Wills's Cigarette Card 1906
Joseph and Sarah Leatherland - Bedford Prisoners
A Victorian Crime and Punishment website includes details of prisoners from Bedford prison records. Joseph Leatherland of Bedford appears in the records because he was accused of stealing linen in 1833 when he was 23 years old. He was tried at the Lent Assizes although the outcome is not indicated. The records give a physical description of the prisoner and we learn that Joseph was 5'8", with light brown hair and a pale complexion.
Sarah Leatherland was accused of the same offence. She was possibly Joseph's wife or his sister. She was 30 years old, 5' tall with dark hair. In Sarah's case we know the sentence she received which was 9 months' hard labour.
Joe Leatherland - Folk Guitarist
Joe Leatherland played guitar and appeared on Michael Hunt's album Waters of Tyne, released on Decca in 1967. I don't know very much about Joe, but he was clearly a Geordie and the album appears to consists of traditional Geordie folk songs, including 'Wor Nanny's a Mazer', 'Buy Broom Buzzems' and 'Keep Your Feet Still Geordie Hinny'. Where are you now, Joe ?
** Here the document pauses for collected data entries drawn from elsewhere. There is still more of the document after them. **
(* Let $\ket{GHZ_3}=\frac{1}{\sqrt{3}}(\ket{000}+\ket{111}+\ket{222})\in\mathbb{C}^3\otimes\mathbb{C}^3\otimes\mathbb{C}^3$, shared among three parties $A,B,C$. Then for every normalized three-qubit pure state $\ket{\phi}\in\mathbb{C}^2\otimes\mathbb{C}^2\otimes\mathbb{C}^2$ (with the $i$-th qubit held by the $i$-th party), $\ket{GHZ_3}$ can be transformed into $\ket{\phi}$ by LOCC; i.e., $\ket{GHZ_3}$ is a common resource for the set of all three-qubit pure states.
   Context: An LOCC transformation is one implementable by local quantum operations of the three parties together with classical communication among them; "$\ket{\psi}$ can be transformed into $\ket{\phi}$ by LOCC" means there is such a protocol producing $\ket{\phi}$ from $\ket{\psi}$ with probability one (local embeddings of $\mathbb{C}^2$ into $\mathbb{C}^3$ are allowed, i.e. the output qubits are regarded as two-dimensional subspaces of the local spaces). A common resource for a set $S$ of states is a state that can be transformed by LOCC into every state of $S$. *)

theory Defs
  imports Complex_Main "HOL-Library.Numeral_Type"
begin

text \<open>Tripartite pure states (unnormalised) on C^3 (x) C^3 (x) C^3, indexed by the
  finite type 3; three-qubit states on C^2 (x) C^2 (x) C^2, indexed by the type 2.
  A local operator on C^3 is a 3x3 complex matrix M, with M i j the (i,j) entry.\<close>

type_synonym qutrit_state = "3 \<Rightarrow> 3 \<Rightarrow> 3 \<Rightarrow> complex"
type_synonym qubit_state = "2 \<Rightarrow> 2 \<Rightarrow> 2 \<Rightarrow> complex"
type_synonym op3 = "3 \<Rightarrow> 3 \<Rightarrow> complex"

definition GHZ3 :: qutrit_state where
  "GHZ3 a b c = (if a = b \<and> b = c then complex_of_real (1 / sqrt 3) else 0)"

definition normalized_qubit :: "qubit_state \<Rightarrow> bool" where
  "normalized_qubit \<phi> \<longleftrightarrow> (\<Sum>x\<in>UNIV. \<Sum>y\<in>UNIV. \<Sum>z\<in>UNIV. (cmod (\<phi> x y z))\<^sup>2) = 1"

text \<open>Standard local embedding of C^2 into C^3: basis vector |i> goes to |i>, i = 0,1.\<close>
definition emb :: "2 \<Rightarrow> 3" where
  "emb x = of_int (Rep_bit0 x)"

definition embed_state :: "qubit_state \<Rightarrow> qutrit_state" where
  "embed_state \<phi> a b c =
     (\<Sum>x\<in>UNIV. \<Sum>y\<in>UNIV. \<Sum>z\<in>UNIV.
        if a = emb x \<and> b = emb y \<and> c = emb z then \<phi> x y z else 0)"
(* Let $r\ge1$ and $f\in H^{r+p(r)}(\mathbb T)$. Then for all $\tau>0$, $$\|P_1^\tau(f)\|_r\le C\tau^2\|f\|_{r+p(r)}^2,$$ with $C$ independent of $\tau$ and $f$, where $$P_1^\tau(f)=\sum_{k\neq0}\sum_{k_1+k_2=k}\frac{k_1^2}{k^2}\int_0^\tau\big(e^{-2isk_2^2}-1\big)\big(e^{-2iskk_1}-1\big)ds\,\widehat{\bar f}_{k_1}\widehat{\bar f}_{k_2}e^{ikx}.$$
   Context: $\mathbb{T}=[-\pi,\pi]$ periodic; $\widehat f_k=\frac1{2\pi}\int_{\mathbb T}f(x)e^{-ikx}dx$; $\|f\|_s^2=\sum_k(1+k^2)^s|\widehat f_k|^2$ is the $H^s$ norm; $\bar f$ is the complex conjugate. The function $p$ on $[1,\infty)$: $p(1)=1$; $p(r)=(3-2r)+$ for $1<r\le7/6$; $p(r)=2/3$ for $7/6<r\le17/12$; $p(r)=(7/2-2r)+$ for $17/12<r\le3/2$; $p(r)=5/4-r/2$ for $3/2<r<5/2$; $p(5/2)=0+$; $p(r)=0$ for $r>5/2$. Here $c+$ means: the statement holds with $c+\varepsilon$ in place of $p(r)$ for every sufficiently small $\varepsilon>0$ (the constant may then depend on $\varepsilon$). *)

theory Defs
  imports "HOL-Analysis.Analysis"
begin

definition fourier_coeff :: "(real \<Rightarrow> complex) \<Rightarrow> int \<Rightarrow> complex" where
  "fourier_coeff f k =
     complex_of_real (1 / (2 * pi)) *
       (LINT x:{-pi..pi}|lborel. f x * exp (- \<i> * of_int k * complex_of_real x))"

definition sob_sq :: "real \<Rightarrow> (int \<Rightarrow> complex) \<Rightarrow> real" where
  "sob_sq s c = (\<Sum>\<^sub>\<infinity>k\<in>(UNIV::int set). (1 + (of_int k)^2) powr s * (cmod (c k))^2)"

definition in_H :: "real \<Rightarrow> (int \<Rightarrow> complex) \<Rightarrow> bool" where
  "in_H s c \<longleftrightarrow> (\<lambda>k. (1 + (of_int k)^2) powr s * (cmod (c k))^2) summable_on (UNIV::int set)"

definition sob_norm :: "real \<Rightarrow> (int \<Rightarrow> complex) \<Rightarrow> real" where
  "sob_norm s c = sqrt (sob_sq s c)"

text \<open>The k-th Fourier coefficient of P_1^tau(f), where g = the Fourier
  coefficients of conj f.\<close>
definition P1_coeff :: "real \<Rightarrow> (int \<Rightarrow> complex) \<Rightarrow> int \<Rightarrow> complex" where
  "P1_coeff \<tau> g k =
    (if k = 0 then 0 else
      (\<Sum>\<^sub>\<infinity>k1\<in>(UNIV::int set).
         complex_of_real ((of_int k1)^2 / (of_int k)^2) *
         integral {0..\<tau>} (\<lambda>s::real.
            (exp (- 2 * \<i> * complex_of_real s * of_int ((k - k1)^2)) - 1) *
            (exp (- 2 * \<i> * complex_of_real s * of_int (k * k1)) - 1)) *
         g k1 * g (k - k1)))"
definition K_M :: "real \<Rightarrow> complex set \<Rightarrow> int \<Rightarrow> complex set" where
  "K_M L K0 M = (\<lambda>x. scl L M * x) ` K0"

text \<open>Admissible translation vectors nu_Delta of M-complexes:
  sum over j = M+1..J of L^j nu_(i_j), J \<ge> M+1, i_j \<in> {1..N}.\<close>
definition complex_shifts :: "real \<Rightarrow> nat \<Rightarrow> (nat \<Rightarrow> complex) \<Rightarrow> int \<Rightarrow> complex set" where
  "complex_shifts L N nu M =
     {(\<Sum>j\<in>{M+1..J}. scl L j * nu (w j)) | J w.
        M + 1 \<le> J \<and> (\<forall>j\<in>{M+1..J}. w j \<in> {1..N})}"

definition M_complex :: "real \<Rightarrow> complex set \<Rightarrow> int \<Rightarrow> complex \<Rightarrow> complex set" where
  "M_complex L K0 M t = (\<lambda>x. x + t) ` K_M L K0 M"

definition cell_vertices :: "real \<Rightarrow> nat \<Rightarrow> (nat \<Rightarrow> complex) \<Rightarrow> int \<Rightarrow> complex \<Rightarrow> complex set" where
  "cell_vertices L N nu M t = (\<lambda>x. scl L M * x + t) ` ess_fixed_pts L N nu"

definition V_MM :: "real \<Rightarrow> nat \<Rightarrow> (nat \<Rightarrow> complex) \<Rightarrow> int \<Rightarrow> complex set" where
  "V_MM L N nu M = (\<lambda>x. scl L M * x) ` ess_fixed_pts L N nu"
lemma index_pinching:
  assumes X: "X \<in> carrier_mat n n" and j: "j < n" and k: "k < n"
  shows "pinching n d X $$ (j,k) =
    (if \<exists>i<length d. j \<in> block d i \<and> k \<in> block d i then X $$ (j,k) else 0)"
proof -
  let ?f = "\<lambda>i. block_proj n d i * X * block_proj n d i"
  have c: "\<forall>i \<in> set [0..<length d]. ?f i \<in> carrier_mat n n"
    using X unfolding block_proj_def by (auto intro!: mult_carrier_mat)
  have "pinching n d X $$ (j,k) = (\<Sum>i\<leftarrow>[0..<length d]. ?f i $$ (j,k))"
    unfolding pinching_def by (rule index_foldr_add_mat[OF c j k])
  also have "\<dots> = (\<Sum>i<length d. ?f i $$ (j,k))"
    by (simp add: sum_list_sum_nth atLeast0LessThan)
  also have "\<dots> = (\<Sum>i<length d. if j \<in> block d i \<and> k \<in> block d i then X $$ (j,k) else 0)"
    by (rule sum.cong[OF refl], rule index_block_proj_conj[OF X j k])
  also have "\<dots> = (if \<exists>i<length d. j \<in> block d i \<and> k \<in> block d i then X $$ (j,k) else 0)"
  proof (cases "\<exists>i<length d. j \<in> block d i \<and> k \<in> block d i")
    case True
    then obtain i0 where i0: "i0 < length d" "j \<in> block d i0" "k \<in> block d i0" by blast
    have "(\<Sum>i<length d. if j \<in> block d i \<and> k \<in> block d i then X $$ (j,k) else 0)
        = (\<Sum>i<length d. if i = i0 then X $$ (j,k) else 0)"
    proof (rule sum.cong[OF refl])
      fix i assume "i \<in> {..<length d}"
      then have "j \<in> block d i \<and> k \<in> block d i \<longleftrightarrow> i = i0"
        using i0 block_disjoint[of i d i0 j] by auto
      then show "(if j \<in> block d i \<and> k \<in> block d i then X $$ (j,k) else 0) = (if i = i0 then X $$ (j,k) else 0)"
        by simp
    qed
    also have "\<dots> = X $$ (j,k)" using i0(1) by simp
    finally show ?thesis using True by (simp only: if_True)
  next
    case False
    then have "(\<Sum>i<length d. if j \<in> block d i \<and> k \<in> block d i then X $$ (j,k) else 0) = 0"
      by (intro sum.neutral) auto
    then show ?thesis using False by (simp only: if_False)
  qed
  finally show ?thesis .
qed

lemma pinching_singletons:
  assumes d: "\<forall>i<length d. d ! i = 1" and n: "sum_list d = n" and X: "X \<in> carrier_mat n n"
  shows "pinching n d X = mat n n (\<lambda>(j,k). if j = k then X $$ (j,j) else 0)"
proof (rule eq_matI)
  have start: "i \<le> length d \<Longrightarrow> block_start d i = i" for i
    using d by (induction i) (auto simp: block_start_Suc, simp add: block_start_def)
  have "d = replicate (length d) 1" using d by (simp add: list_eq_iff_nth_eq)
  then have "sum_list d = sum_list (replicate (length d) (1::nat))" by (rule arg_cong)
  then have nd: "n = length d" using n by (simp add: sum_list_replicate)
  have blocks: "block d i = {i}" if "i < n" for i using that d start nd unfolding block_def by auto
  fix j k assume "j < dim_row (mat n n (\<lambda>(j,k). if j = k then X $$ (j,j) else 0))"
    "k < dim_col (mat n n (\<lambda>(j,k). if j = k then X $$ (j,j) else 0))"
  then have j: "j < n" and k: "k < n" by auto
  have "(\<exists>i<length d. j \<in> block d i \<and> k \<in> block d i) \<longleftrightarrow> j = k"
    using blocks j k nd by auto
  then show "pinching n d X $$ (j,k) = mat n n (\<lambda>(j,k). if j = k then X $$ (j,j) else 0) $$ (j,k)"
    unfolding index_pinching[OF X j k] using j k by simp
qed (use pinching_carrier[OF X] in auto)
A note about some contemporary Leatherlands with various claims to fame. I don't know about their family history but perhaps if any of them are reading this, they can enlighten me.
Stephen Leatherland is a leading theatre director and producer who began his career as an actor. Stephen grew up in Derbyshire.
Professor John F. Leatherland is an academic at Ontario Veterinary College, University of Guelphn Canada an expert on the hormonal control of early development of fish and the author of many books and articles on fish diseases and development. Professor Leatherland graduated at Sheffield University (UK).